MapReduce Architecture

MapReduce process has the following phases:

1. Input Splits
2. Mapping
3. Shuffling
4. Sorting
5. Reducing

Input Splits

MapReduce splits the input into smaller chunks called input splits, representing a block of work with a single mapper task.

Mapping

The input data is processed and divided into smaller segments in the mapper phase, where the number of mappers is equal to the number of input splits. RecordReader produces a key-value pair of the input splits using TextFormat, which Reducer later uses as input. The mapper then processes these key-value pairs using coding logic to produce an output of the same form.

Shuffling

In the shuffling phase, the output of the mapper phase is passed to the reducer phase by removing duplicate values and grouping the values. The output remains in the form of keys and values in the mapper phase. Since shuffling can begin even before the mapper phase is complete, it saves time.

Sorting

Sorting is performed simultaneously with shuffling. The Sorting phase involves merging and sorting the output generated by the mapper. The intermediate key-value pairs are sorted by key before starting the reducer phase, and the values can take any order. Sorting by value is done by secondary sorting.

Reducing

In the reducer phase, the intermediate values from the shuffling phase are reduced to produce a single output value that summarizes the entire dataset. HDFS is then used to store the final output.

Here’s an example of using MapReduce to count the frequency of each word in an input text. The text is, “This is an apple. Apple is red in color.”

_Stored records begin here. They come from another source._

(* Under the standing setup below, for every initial condition $x(0)\in[0,1]^n$ the opinion dynamics converge as $k\to\infty$ to a point $x^*(g,h)\in\mathbb R^n$ that does not depend on $x(0)$. The matrix $E\triangleq I-W+(g-h)\gamma I$ is invertible, and $$x^*(g,h)=E^{-1}\big(I-D-2\beta I+(h-g)\gamma I\big)s+E^{-1}\big((h+g)\beta\mathbf 1+(g^2-h^2)\gamma\mathbf 1\big),$$ where $D=\mathrm{diag}\big(\sum_{j}w_{1j},\dots,\sum_j w_{nj}\big)$ and $\mathbf 1$ is the all-ones vector.
   Context: Standing setup. Fix $n\in\mathbb N$ and $W=[w_{ij}]\in\mathbb R^{n\times n}$ with $w_{ij}\ge 0$ and $w_{ii}=0$. Let $\|W\|_\infty=\max_i\sum_j|w_{ij}|$, $\|W\|_1=\max_j\sum_i|w_{ij}|$, and let $\lambda$ be the spectral radius of $W$; assume there is a vector $c\in\mathbb R^n$ with all entries positive and $W^\top c=\lambda c$. Fix bias parameters $\beta,\gamma\in\mathbb R$ with $\beta\ge\gamma\ge0$ and $1-\max\{\|W\|_\infty,\|W\|_1\}>\max\{2\beta,4\gamma\}$. Fix innate opinions $s=(s_1,\dots,s_n)^\top\in[0,1]^n$, let $\overline s=\max_i s_i$, $\underline s=\min_i s_i$, and fix source opinions $g,h$ with $0\le g\le\underline s\le\overline s\le h\le1$. For $x\in\mathbb R$ set $\overline w(x)=\beta-\gamma|x-h|$, $\underline w(x)=\beta-\gamma|x-g|$, and $\alpha_i(x)=1-\sum_j w_{ij}-\overline w(x)-\underline w(x)$. The opinion dynamics are, for $i=1,\dots,n$ and $k\ge0$, $$x_i(k+1)=\alpha_i(x_i(k))s_i+\sum_{j=1}^n w_{ij}x_j(k)+\overline w(x_i(k))\,h+\underline w(x_i(k))\,g.$$ *)

theory Defs
  imports "HOL-Analysis.Analysis"
begin

definition row_sum_norm :: "real^'n^'n \<Rightarrow> real" where
  "row_sum_norm W = Max (range (\<lambda>i. \<Sum>j\<in>UNIV. \<bar>W$i$j\<bar>))"

definition col_sum_norm :: "real^'n^'n \<Rightarrow> real" where
  "col_sum_norm W = Max (range (\<lambda>j. \<Sum>i\<in>UNIV. \<bar>W$i$j\<bar>))"

definition spectral_radius :: "real^'n^'n \<Rightarrow> real" where
  "spectral_radius W = Sup (cmod ` {\<mu>. \<exists>v::complex^'n. v \<noteq> 0 \<and>
      (\<chi> i j. complex_of_real (W$i$j)) *v v = \<mu> *s v})"

definition wbar :: "real \<Rightarrow> real \<Rightarrow> real \<Rightarrow> real \<Rightarrow> real" where
  "wbar \<beta> \<gamma> h x = \<beta> - \<gamma> * \<bar>x - h\<bar>"

definition wunder :: "real \<Rightarrow> real \<Rightarrow> real \<Rightarrow> real \<Rightarrow> real" where
  "wunder \<beta> \<gamma> g x = \<beta> - \<gamma> * \<bar>x - g\<bar>"

definition alpha :: "real^'n^'n \<Rightarrow> real \<Rightarrow> real \<Rightarrow> real \<Rightarrow> real \<Rightarrow> 'n \<Rightarrow> real \<Rightarrow> real" where
  "alpha W \<beta> \<gamma> g h i x = 1 - (\<Sum>j\<in>UNIV. W$i$j) - wbar \<beta> \<gamma> h x - wunder \<beta> \<gamma> g x"

definition opinion_step ::
  "real^'n^'n \<Rightarrow> real \<Rightarrow> real \<Rightarrow> real \<Rightarrow> real \<Rightarrow> real^'n \<Rightarrow> real^'n \<Rightarrow> real^'n" where
  "opinion_step W \<beta> \<gamma> g h s x = (\<chi> i.
      alpha W \<beta> \<gamma> g h i (x$i) * s$i + (\<Sum>j\<in>UNIV. W$i$j * x$j)
      + wbar \<beta> \<gamma> h (x$i) * h + wunder \<beta> \<gamma> g (x$i) * g)"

• The input data is divided into multiple segments, then processed in parallel to reduce processing time. In this case, the input data will be divided into two input splits so that work can be distributed over all the map nodes.
• The Mapper counts the number of times each word occurs from input splits in the form of key-value pairs where the key is the word, and the value is the frequency.
• For the first input split, it generates 4 key-value pairs: This, 1; is, 1; an, 1; apple, 1; and for the second, it generates 5 key-value pairs: Apple, 1; is, 1; red, 1; in, 1; color.
• It is followed by the shuffle phase, in which the values are grouped by keys in the form of key-value pairs. Here we get a total of 6 groups of key-value pairs.
• The same reducer is used for all key-value pairs with the same key.
• All the words present in the data are combined into a single output in the reducer phase. The output shows the frequency of each word.
• Here in the example, we get the final output of key-value pairs as This, 1;  is, 2; an, 1; apple, 2; red, 1; in, 1;  color, 1.
• The record writer writes the output key-value pairs from the reducer into the output files, and the final output data is by default stored on HDFS.

Limitations of MapReduce

MapReduce also faces some limitations, and they are as follows:

• MapReduce is a low-level programming model which involves a lot of writing code.
• The batch-based processing nature of MapReduce makes it unsuitable for real-time processing.
• It does not support data pipelining or overlapping of Map and Reduce phases.
• Task initialization, coordination, monitoring, and scheduling take up a large chunk of MapReduce’s execution time and reduce its performance.
• MapReduce cannot cache the intermediate data in memory, thereby diminishing Hadoop’s performance.

Conclusion

In this article, we discussed the importance of MapReduce for the Hadoop framework. The MapReduce framework has helped us deal with huge amounts of data and find solutions to previously considered impossible problems. In addition to analyzing large data sets in data warehouses, the MapReduce framework can also be applied by companies offering online services to optimize their marketing strategies. The following are our key takeaways from this article:

• MapReduce is fast, scalable, cost-effective, and can handle large volumes and complex data.
• In MapReduce architecture, each phase takes input in the form of key-value pairs.
• It provides parallel computing, fault tolerance, distribution, and security.
• The number of mappers in the mapper phase equals the number of input splits.
• It is recommended that you take 1/4th of the number of mappers as the number of reducers.
• The final output is by default stored in the HDFS storage.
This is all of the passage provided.